- **The task**
Begin with the line containing "ultimately show ?thesis by linarith" and reproduce it and all later lines exactly, through the last line of the records. Add nothing else.

- **Dataset extract**
╭──

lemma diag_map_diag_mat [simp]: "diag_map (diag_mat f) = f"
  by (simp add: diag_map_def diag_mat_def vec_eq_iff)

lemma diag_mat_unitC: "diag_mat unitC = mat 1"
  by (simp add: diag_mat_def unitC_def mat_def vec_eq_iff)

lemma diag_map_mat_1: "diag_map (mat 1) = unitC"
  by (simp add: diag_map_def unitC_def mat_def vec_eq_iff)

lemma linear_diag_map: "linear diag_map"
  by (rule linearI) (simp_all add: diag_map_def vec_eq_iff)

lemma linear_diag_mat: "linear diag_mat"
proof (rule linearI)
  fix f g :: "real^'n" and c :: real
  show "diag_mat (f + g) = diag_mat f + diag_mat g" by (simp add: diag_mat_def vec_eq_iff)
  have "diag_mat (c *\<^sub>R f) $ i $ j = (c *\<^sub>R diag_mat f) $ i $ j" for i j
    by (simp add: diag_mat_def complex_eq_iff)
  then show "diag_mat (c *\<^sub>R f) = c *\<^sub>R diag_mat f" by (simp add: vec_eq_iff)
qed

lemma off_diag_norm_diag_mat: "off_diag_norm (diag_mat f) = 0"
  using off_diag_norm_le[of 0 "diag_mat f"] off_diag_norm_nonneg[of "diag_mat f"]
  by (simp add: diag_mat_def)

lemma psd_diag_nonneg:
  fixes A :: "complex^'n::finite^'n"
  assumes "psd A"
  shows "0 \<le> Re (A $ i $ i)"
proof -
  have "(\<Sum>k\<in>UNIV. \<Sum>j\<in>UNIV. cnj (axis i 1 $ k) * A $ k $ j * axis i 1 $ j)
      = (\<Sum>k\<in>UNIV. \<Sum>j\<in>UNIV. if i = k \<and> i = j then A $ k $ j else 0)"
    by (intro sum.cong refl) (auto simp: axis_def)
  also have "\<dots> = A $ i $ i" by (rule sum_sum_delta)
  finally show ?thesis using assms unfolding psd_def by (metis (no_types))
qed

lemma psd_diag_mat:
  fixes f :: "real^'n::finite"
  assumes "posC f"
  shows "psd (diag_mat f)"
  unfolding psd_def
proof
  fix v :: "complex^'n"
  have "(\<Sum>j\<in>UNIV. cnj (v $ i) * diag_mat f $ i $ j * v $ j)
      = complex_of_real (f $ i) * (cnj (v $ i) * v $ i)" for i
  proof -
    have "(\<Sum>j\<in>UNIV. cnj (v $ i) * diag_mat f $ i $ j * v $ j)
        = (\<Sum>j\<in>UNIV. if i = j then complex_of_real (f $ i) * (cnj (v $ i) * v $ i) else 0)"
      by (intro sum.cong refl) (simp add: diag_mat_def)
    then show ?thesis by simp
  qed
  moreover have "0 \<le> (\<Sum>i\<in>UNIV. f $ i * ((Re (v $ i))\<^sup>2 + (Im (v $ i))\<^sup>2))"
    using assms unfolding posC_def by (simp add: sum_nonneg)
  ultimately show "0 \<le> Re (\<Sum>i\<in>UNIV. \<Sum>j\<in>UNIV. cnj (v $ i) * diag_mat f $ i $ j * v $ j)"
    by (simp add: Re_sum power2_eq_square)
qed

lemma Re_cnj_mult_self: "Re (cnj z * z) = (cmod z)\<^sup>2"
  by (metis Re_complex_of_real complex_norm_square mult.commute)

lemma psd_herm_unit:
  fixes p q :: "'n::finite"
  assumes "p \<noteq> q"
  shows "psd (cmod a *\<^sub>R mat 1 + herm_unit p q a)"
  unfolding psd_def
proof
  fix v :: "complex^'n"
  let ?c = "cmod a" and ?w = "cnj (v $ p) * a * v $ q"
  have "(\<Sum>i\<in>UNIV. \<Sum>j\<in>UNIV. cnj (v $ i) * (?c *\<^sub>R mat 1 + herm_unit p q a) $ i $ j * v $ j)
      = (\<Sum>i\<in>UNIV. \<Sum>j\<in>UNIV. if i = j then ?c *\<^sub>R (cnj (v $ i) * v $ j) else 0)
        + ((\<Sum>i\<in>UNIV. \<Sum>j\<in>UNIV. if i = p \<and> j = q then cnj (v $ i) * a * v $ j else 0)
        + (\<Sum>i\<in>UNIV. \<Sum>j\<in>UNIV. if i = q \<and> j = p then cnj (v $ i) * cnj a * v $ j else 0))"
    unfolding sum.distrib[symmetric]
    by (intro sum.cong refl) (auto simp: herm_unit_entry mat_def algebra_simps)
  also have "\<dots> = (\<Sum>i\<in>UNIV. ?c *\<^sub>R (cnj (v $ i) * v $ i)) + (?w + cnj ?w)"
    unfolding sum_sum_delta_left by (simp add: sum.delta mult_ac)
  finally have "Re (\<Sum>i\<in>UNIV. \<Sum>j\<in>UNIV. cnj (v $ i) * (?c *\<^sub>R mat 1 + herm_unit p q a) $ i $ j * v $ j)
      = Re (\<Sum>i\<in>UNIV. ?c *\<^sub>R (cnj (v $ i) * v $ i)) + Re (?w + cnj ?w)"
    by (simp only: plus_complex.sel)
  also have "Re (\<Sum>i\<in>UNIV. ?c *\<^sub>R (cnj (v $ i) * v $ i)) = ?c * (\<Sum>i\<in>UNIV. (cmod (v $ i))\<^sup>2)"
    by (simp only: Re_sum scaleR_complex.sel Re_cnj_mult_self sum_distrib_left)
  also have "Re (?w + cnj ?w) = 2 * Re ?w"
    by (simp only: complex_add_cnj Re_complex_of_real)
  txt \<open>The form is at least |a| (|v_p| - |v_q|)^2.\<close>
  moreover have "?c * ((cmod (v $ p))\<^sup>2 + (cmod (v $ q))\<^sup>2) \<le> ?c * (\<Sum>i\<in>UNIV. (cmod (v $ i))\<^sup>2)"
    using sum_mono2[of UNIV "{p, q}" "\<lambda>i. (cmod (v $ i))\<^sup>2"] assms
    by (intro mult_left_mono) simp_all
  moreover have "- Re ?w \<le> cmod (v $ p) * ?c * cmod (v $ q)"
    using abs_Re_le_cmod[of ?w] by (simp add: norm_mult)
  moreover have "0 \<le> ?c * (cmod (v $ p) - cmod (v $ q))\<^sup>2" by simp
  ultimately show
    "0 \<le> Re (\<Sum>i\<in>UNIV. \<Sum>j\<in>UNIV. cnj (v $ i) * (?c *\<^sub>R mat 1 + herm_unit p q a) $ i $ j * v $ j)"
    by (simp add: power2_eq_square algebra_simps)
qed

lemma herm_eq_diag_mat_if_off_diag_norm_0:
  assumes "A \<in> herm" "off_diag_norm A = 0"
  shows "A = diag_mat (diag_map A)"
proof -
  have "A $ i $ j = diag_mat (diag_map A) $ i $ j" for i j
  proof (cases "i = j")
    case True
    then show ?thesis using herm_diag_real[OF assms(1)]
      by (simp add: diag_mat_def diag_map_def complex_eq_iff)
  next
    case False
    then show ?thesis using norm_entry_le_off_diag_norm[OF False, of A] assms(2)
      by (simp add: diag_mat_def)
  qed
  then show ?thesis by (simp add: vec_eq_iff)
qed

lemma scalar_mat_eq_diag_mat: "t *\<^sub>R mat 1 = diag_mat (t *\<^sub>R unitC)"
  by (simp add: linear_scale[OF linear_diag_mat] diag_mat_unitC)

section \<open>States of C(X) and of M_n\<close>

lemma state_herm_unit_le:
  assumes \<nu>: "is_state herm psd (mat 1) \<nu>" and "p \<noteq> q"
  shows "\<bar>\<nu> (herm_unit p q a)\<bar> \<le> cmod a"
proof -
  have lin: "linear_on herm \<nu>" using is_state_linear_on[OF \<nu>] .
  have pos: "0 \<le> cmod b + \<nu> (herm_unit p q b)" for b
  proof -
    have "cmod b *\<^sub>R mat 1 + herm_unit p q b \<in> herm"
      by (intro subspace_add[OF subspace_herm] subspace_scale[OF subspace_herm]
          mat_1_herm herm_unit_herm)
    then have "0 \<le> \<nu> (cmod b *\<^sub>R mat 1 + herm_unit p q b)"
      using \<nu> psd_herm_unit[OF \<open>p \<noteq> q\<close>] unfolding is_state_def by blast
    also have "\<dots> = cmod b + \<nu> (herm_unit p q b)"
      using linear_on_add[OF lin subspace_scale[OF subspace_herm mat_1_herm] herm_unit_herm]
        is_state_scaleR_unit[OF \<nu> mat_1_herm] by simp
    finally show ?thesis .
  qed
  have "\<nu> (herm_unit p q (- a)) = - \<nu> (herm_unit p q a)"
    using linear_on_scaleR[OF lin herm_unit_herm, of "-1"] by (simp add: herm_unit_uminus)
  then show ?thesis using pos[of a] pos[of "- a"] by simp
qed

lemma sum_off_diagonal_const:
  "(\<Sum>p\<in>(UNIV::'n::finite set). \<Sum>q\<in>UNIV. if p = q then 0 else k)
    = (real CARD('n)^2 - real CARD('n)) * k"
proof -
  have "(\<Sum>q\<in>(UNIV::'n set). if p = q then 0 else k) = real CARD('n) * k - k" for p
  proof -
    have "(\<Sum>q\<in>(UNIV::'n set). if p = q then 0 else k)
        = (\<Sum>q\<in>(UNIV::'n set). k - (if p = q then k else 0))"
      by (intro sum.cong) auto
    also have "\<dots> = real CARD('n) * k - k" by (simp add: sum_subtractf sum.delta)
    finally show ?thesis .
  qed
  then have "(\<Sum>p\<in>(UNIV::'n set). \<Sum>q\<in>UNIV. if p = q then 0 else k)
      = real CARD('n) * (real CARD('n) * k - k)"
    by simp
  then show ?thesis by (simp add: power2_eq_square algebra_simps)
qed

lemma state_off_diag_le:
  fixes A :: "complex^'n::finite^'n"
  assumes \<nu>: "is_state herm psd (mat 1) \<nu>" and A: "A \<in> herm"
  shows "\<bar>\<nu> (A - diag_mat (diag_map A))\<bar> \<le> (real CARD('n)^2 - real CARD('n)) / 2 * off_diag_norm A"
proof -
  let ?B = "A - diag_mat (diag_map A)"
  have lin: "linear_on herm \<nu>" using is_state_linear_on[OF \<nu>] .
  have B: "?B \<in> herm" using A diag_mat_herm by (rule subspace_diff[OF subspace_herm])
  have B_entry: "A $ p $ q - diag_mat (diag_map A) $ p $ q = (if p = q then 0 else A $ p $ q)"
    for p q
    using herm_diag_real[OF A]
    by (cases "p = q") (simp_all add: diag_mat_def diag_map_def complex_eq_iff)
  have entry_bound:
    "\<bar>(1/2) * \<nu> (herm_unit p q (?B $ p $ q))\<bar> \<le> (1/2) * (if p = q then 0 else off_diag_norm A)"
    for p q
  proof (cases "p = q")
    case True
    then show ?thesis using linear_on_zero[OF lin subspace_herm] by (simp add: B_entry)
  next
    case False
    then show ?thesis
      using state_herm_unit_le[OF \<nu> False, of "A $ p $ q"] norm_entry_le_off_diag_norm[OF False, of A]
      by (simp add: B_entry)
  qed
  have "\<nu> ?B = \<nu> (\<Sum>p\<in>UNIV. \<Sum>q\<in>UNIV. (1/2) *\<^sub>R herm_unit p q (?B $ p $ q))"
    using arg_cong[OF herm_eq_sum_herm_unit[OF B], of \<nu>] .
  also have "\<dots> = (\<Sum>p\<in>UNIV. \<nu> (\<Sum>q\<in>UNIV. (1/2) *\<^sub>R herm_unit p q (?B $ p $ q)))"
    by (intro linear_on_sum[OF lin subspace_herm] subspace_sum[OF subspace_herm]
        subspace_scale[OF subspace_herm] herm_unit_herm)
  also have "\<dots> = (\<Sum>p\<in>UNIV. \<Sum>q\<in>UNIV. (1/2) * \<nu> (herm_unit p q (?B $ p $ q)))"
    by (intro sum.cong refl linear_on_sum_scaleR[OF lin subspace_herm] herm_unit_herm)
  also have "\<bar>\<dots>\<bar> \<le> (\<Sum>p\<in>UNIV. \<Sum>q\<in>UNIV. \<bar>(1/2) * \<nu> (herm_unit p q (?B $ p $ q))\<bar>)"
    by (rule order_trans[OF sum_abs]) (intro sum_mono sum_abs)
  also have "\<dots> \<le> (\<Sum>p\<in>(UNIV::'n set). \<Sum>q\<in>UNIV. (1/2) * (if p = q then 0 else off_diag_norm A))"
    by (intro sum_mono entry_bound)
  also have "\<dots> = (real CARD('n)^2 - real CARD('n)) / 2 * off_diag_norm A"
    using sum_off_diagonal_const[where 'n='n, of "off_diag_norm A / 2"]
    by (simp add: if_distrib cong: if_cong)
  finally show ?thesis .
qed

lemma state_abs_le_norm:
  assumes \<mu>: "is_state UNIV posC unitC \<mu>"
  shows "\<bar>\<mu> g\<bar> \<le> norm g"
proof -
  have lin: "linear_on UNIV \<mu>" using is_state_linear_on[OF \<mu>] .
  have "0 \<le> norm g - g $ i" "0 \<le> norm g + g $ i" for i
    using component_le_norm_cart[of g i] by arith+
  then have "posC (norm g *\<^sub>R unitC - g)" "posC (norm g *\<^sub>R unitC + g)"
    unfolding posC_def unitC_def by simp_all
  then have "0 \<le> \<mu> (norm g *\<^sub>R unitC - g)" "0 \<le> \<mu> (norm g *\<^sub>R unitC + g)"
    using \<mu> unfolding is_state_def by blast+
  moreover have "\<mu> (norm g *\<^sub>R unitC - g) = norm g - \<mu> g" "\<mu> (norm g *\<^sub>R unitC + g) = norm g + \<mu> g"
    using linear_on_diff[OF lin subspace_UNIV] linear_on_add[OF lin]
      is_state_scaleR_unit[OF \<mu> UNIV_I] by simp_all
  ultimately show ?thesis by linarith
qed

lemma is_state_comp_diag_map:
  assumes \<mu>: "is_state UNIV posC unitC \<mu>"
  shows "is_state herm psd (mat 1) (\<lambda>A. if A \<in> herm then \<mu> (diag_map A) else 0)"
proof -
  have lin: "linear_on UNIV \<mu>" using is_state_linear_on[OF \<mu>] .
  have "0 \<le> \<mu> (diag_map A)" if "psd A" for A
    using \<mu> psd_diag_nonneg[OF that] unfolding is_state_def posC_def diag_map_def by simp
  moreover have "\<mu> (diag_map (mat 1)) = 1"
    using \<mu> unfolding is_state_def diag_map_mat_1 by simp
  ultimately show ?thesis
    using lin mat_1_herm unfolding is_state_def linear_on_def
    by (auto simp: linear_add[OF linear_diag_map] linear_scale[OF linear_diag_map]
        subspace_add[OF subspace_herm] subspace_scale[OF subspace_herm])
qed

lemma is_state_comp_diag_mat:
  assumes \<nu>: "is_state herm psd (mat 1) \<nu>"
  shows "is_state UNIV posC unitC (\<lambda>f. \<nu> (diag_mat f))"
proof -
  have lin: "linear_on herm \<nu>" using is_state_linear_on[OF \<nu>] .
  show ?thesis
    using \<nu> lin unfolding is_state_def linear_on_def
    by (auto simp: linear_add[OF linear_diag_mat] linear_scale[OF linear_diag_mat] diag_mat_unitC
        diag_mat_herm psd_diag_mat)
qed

╰──

- **Solution to this problem**
  ultimately show ?thesis by linarith
qed

lemma is_state_comp_diag_map:
  assumes \<mu>: "is_state UNIV posC unitC \<mu>"
  shows "is_state herm psd (mat 1) (\<lambda>A. if A \<in> herm then \<mu> (diag_map A) else 0)"
proof -
  have lin: "linear_on UNIV \<mu>" using is_state_linear_on[OF \<mu>] .
  have "0 \<le> \<mu> (diag_map A)" if "psd A" for A
    using \<mu> psd_diag_nonneg[OF that] unfolding is_state_def posC_def diag_map_def by simp
  moreover have "\<mu> (diag_map (mat 1)) = 1"
    using \<mu> unfolding is_state_def diag_map_mat_1 by simp
  ultimately show ?thesis
    using lin mat_1_herm unfolding is_state_def linear_on_def
    by (auto simp: linear_add[OF linear_diag_map] linear_scale[OF linear_diag_map]
        subspace_add[OF subspace_herm] subspace_scale[OF subspace_herm])
qed

lemma is_state_comp_diag_mat:
  assumes \<nu>: "is_state herm psd (mat 1) \<nu>"
  shows "is_state UNIV posC unitC (\<lambda>f. \<nu> (diag_mat f))"
proof -
  have lin: "linear_on herm \<nu>" using is_state_linear_on[OF \<nu>] .
  show ?thesis
    using \<nu> lin unfolding is_state_def linear_on_def
    by (auto simp: linear_add[OF linear_diag_mat] linear_scale[OF linear_diag_mat] diag_mat_unitC
        diag_mat_herm psd_diag_mat)
qed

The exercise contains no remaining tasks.